IdentifySpuriousGenesUnclassifiedCDS - Tutorial
Objective
This tutorial will guide you through the process of using the IdentifySpuriousGenes module to identify potential new loci or spurious alleles.
Prerequisites
Download the schema from chewBBACA’s tutorial.
Procedure
Open the terminal
Modify and run the following command to evaluate a set of unclassified CDSs:
SR IdentifySpuriousGenes -s '/path/to/tutorial_schema/schema_seed' -a '/path/to/Allele_calling' -o '/path/to/files/output_folder/IdentifySpuriousGenesUnclassifiedCDS' -m unclassified_cds --t 11 -c 6
Important
Replace /path/to/files/ with the actual path to the files.
The output directory contains files with the groups of similar alleles that were identfied.

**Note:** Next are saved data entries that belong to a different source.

lemma l2norm_Bw_pow_U_lt_1:
  fixes w :: "nat \<Rightarrow> nat"
  assumes s: "length s = n" "0 < n" "\<And>m. m < n \<Longrightarrow> \<bar>of_rat (s ! m) - y m\<bar> < of_rat \<eta> / sqrt n"
    and x: "x \<in> U s \<eta>"
    and y_small: "L2_set y {a..<n} < 1 / (4 * 2 ^ a)"
    and \<eta>_small: "(of_rat \<eta> :: real) < 1 / (8 * 2 ^ a)" "(of_rat \<eta> :: real) < 1 / 2 ^ n"
    and w: "\<And>m. w m \<le> 2" "\<And>m. a \<le> m \<Longrightarrow> m < n \<Longrightarrow> w m = 1"
    and k: "a \<le> k" "k < n"
  shows "l2norm ((Bw w ^^ k) x) < 1"
proof -
  note x_approx = U_approx[OF s x]
  have "L2_set x {a..<n} \<le> L2_set (\<lambda>i. x i - y i) {a..<n} + L2_set y {a..<n}"
    using L2_set_triangle_ineq[of "\<lambda>i. x i - y i" y "{a..<n}"] by simp
  also have "L2_set (\<lambda>i. x i - y i) {a..<n} \<le> L2_set (\<lambda>i. x i - y i) {..<n}"
    by (rule L2_set_subset_mono) auto
  finally have "L2_set x {a..<n} < 2 * of_rat \<eta> + 1 / (4 * 2 ^ a)"
    using x_approx(2) y_small by linarith
  then have head: "2 ^ a * L2_set x {a..<n} < 1 / 2"
    using \<eta>_small(1) by (simp add: field_simps)
  have "0 < (of_rat \<eta> :: real)"
    using x_approx(2) L2_set_nonneg[of "\<lambda>i. x i - y i" "{..<n}"] by linarith
  moreover have "2 * 2 ^ k \<le> (2 :: real) ^ n"
    using power_increasing[of "Suc k" n "2 :: real"] k(2) by simp
  ultimately have "of_rat \<eta> * (2 * 2 ^ k) \<le> (of_rat \<eta> :: real) * 2 ^ n"
    by (intro mult_left_mono) auto
  then have "2 ^ k * of_rat \<eta> < (1 / 2 :: real)"
    using \<eta>_small(2) by (simp add: field_simps)
  moreover have "2 ^ k * l2norm (\<lambda>i. x (i + n)) < 2 ^ k * of_rat \<eta>"
    using x_approx(3) by (intro mult_strict_left_mono) auto
  ultimately have tail: "2 ^ k * l2norm (\<lambda>i. x (i + n)) < 1 / 2" by linarith
  show ?thesis
    using l2norm_Bw_pow_le[of x w a n k, OF x_approx(1) w k(1) less_imp_le[OF k(2)]] head tail by linarith
qed

lemma plus_seq_append_ones:
  assumes "set \<alpha> \<subseteq> {1, 2}"
  shows "plus_seq (\<alpha> @ replicate k 1) m \<le> 2"
    and "length \<alpha> \<le> m \<Longrightarrow> m < length \<alpha> + k \<Longrightarrow> plus_seq (\<alpha> @ replicate k 1) m = 1"
proof -
  show "plus_seq (\<alpha> @ replicate k 1) m \<le> 2"
  proof (cases "m < length \<alpha>")
    case True
    then have "\<alpha> ! m \<in> {1, 2}" using assms nth_mem by blast
    then show ?thesis using True by (auto simp: plus_seq_def nth_append)
  qed (auto simp: plus_seq_def nth_append)
  show "length \<alpha> \<le> m \<Longrightarrow> m < length \<alpha> + k \<Longrightarrow> plus_seq (\<alpha> @ replicate k 1) m = 1"
    by (simp add: plus_seq_def nth_append)
qed

lemma condition_refinement:
  assumes cond: "is_condition \<alpha> r \<delta>"
    and y: "y \<in> l2" "l2dist (centre r) y < 1 / (4 * 2 ^ length \<alpha>)"
    and ball: "l2_ball y \<epsilon> \<subseteq> U r \<delta>"
    and n: "length \<alpha> \<le> n" "0 < n" "l2norm (\<lambda>i. y (i + n)) < \<epsilon> / 4"
  shows "\<exists>\<beta> s \<eta>. is_condition \<beta> s \<eta> \<and> cond_less \<beta> s \<eta> \<alpha> r \<delta> \<and>
           U s \<eta> \<subseteq> l2_ball y \<epsilon> \<and> length \<beta> = n"
proof -
  define a where "a = length \<alpha>"
  have \<alpha>: "set \<alpha> \<subseteq> {1, 2}" "length r \<le> a"
    using cond by (auto simp: is_condition_def a_def)
  have "0 < \<epsilon>" using n(3) l2norm_nonneg[OF l2_shift[OF y(1), of n]] by linarith
  \<comment> \<open>The three bounds on \<eta> serve the tail part of the shifts, their head part, and the
    radius of the ball around y containing U s \<eta>.\<close>
  obtain \<eta> :: rat where \<eta>: "0 < \<eta>" "of_rat \<eta> < min (min (1 / 2 ^ n) (1 / (8 * 2 ^ a))) (\<epsilon> / 12)"
    using of_rat_dense[of 0 "min (min (1 / 2 ^ n) (1 / (8 * 2 ^ a))) (\<epsilon> / 12)"] \<open>0 < \<epsilon>\<close> by auto
  obtain s where s: "length s = n" "\<And>m. m < n \<Longrightarrow> \<bar>of_rat (s ! m) - y m\<bar> < of_rat \<eta> / sqrt n"
    using rat_list_approx[of "of_rat \<eta> / sqrt n" n y] \<eta>(1) n(2) by auto
  define \<beta> where "\<beta> = \<alpha> @ replicate (n - a) 1"
  have "length \<beta> = n" using n(1) by (simp add: \<beta>_def a_def)
  have U_ball: "U s \<eta> \<subseteq> l2_ball y (\<epsilon> / 2)"
    using U_subset_l2_ball[OF s(1) n(2) s(2) y(1)] \<eta>(2) n(3) by (force simp: l2_ball_def)
  have "l2_closure (U s \<eta>) \<subseteq> U r \<delta>"
    using l2_closure_subset_ball[OF y(1) U_ball, of \<epsilon>] ball \<open>0 < \<epsilon>\<close> by auto
  moreover have "l2norm ((Bw (plus_seq \<beta>) ^^ k) x) < 1" if "a \<le> k" "k < n" "x \<in> U s \<eta>" for k x
  proof (rule l2norm_Bw_pow_U_lt_1[OF s(1) n(2) s(2) that(3)])
    show "L2_set y {a..<n} < 1 / (4 * 2 ^ a)"
      using L2_set_le_l2dist_centre[OF y(1) \<alpha>(2), of n] y(2) unfolding a_def by linarith
  qed (use \<eta>(2) plus_seq_append_ones[OF \<alpha>(1)] n(1) that in \<open>auto simp: \<beta>_def a_def\<close>)
  ultimately have less: "cond_less \<beta> s \<eta> \<alpha> r \<delta>"
    unfolding cond_less_def by (auto simp: \<beta>_def a_def)
  have \<eta>_n: "\<eta> < 1 / 2 ^ n"
    using \<eta>(2) of_rat_less[of \<eta> "1 / 2 ^ n", where 'a = real]
    by (simp add: of_rat_divide of_rat_power)
  then have "\<eta> < 1" using order_less_le_trans[of \<eta> "1 / 2 ^ n" 1] by simp
  then have "is_condition \<beta> s \<eta>"
    using \<eta>_n \<alpha>(1) \<eta>(1) s(1) \<open>length \<beta> = n\<close> by (auto simp: is_condition_def \<beta>_def)
  moreover have "U s \<eta> \<subseteq> l2_ball y \<epsilon>"
    using U_ball l2_ball_mono[of "\<epsilon> / 2" \<epsilon> y] \<open>0 < \<epsilon>\<close> by auto
  ultimately show ?thesis using less \<open>length \<beta> = n\<close> by blast
qed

The first lines of the final clusters file should look like:
Locus Action Class
GCA-000831145-protein1681 Join 1a
GCA-000831105-protein622 Join 1a
GCA-000012705-protein568 Join 1a
GCA-001275545-protein1163 Join 1a
GCA-000007265-protein582 Join 1a
GCA-000730215-protein582 Join 1a
GCA-000730255-protein607 Join 1a
GCA-000427075-protein661 Choice 3b
#
GCA-000427055-protein712 Join 1a
GCA-000730255-protein664 Join 1a
#
Example Output Structure
To see the expected output structure, refer to the “Outputs” section in the IdentifySpuriousGenes documentation.
Conclusion
You have successfully classified unclassified coding sequences (CDS) using the IdentifySpuriousGenes module.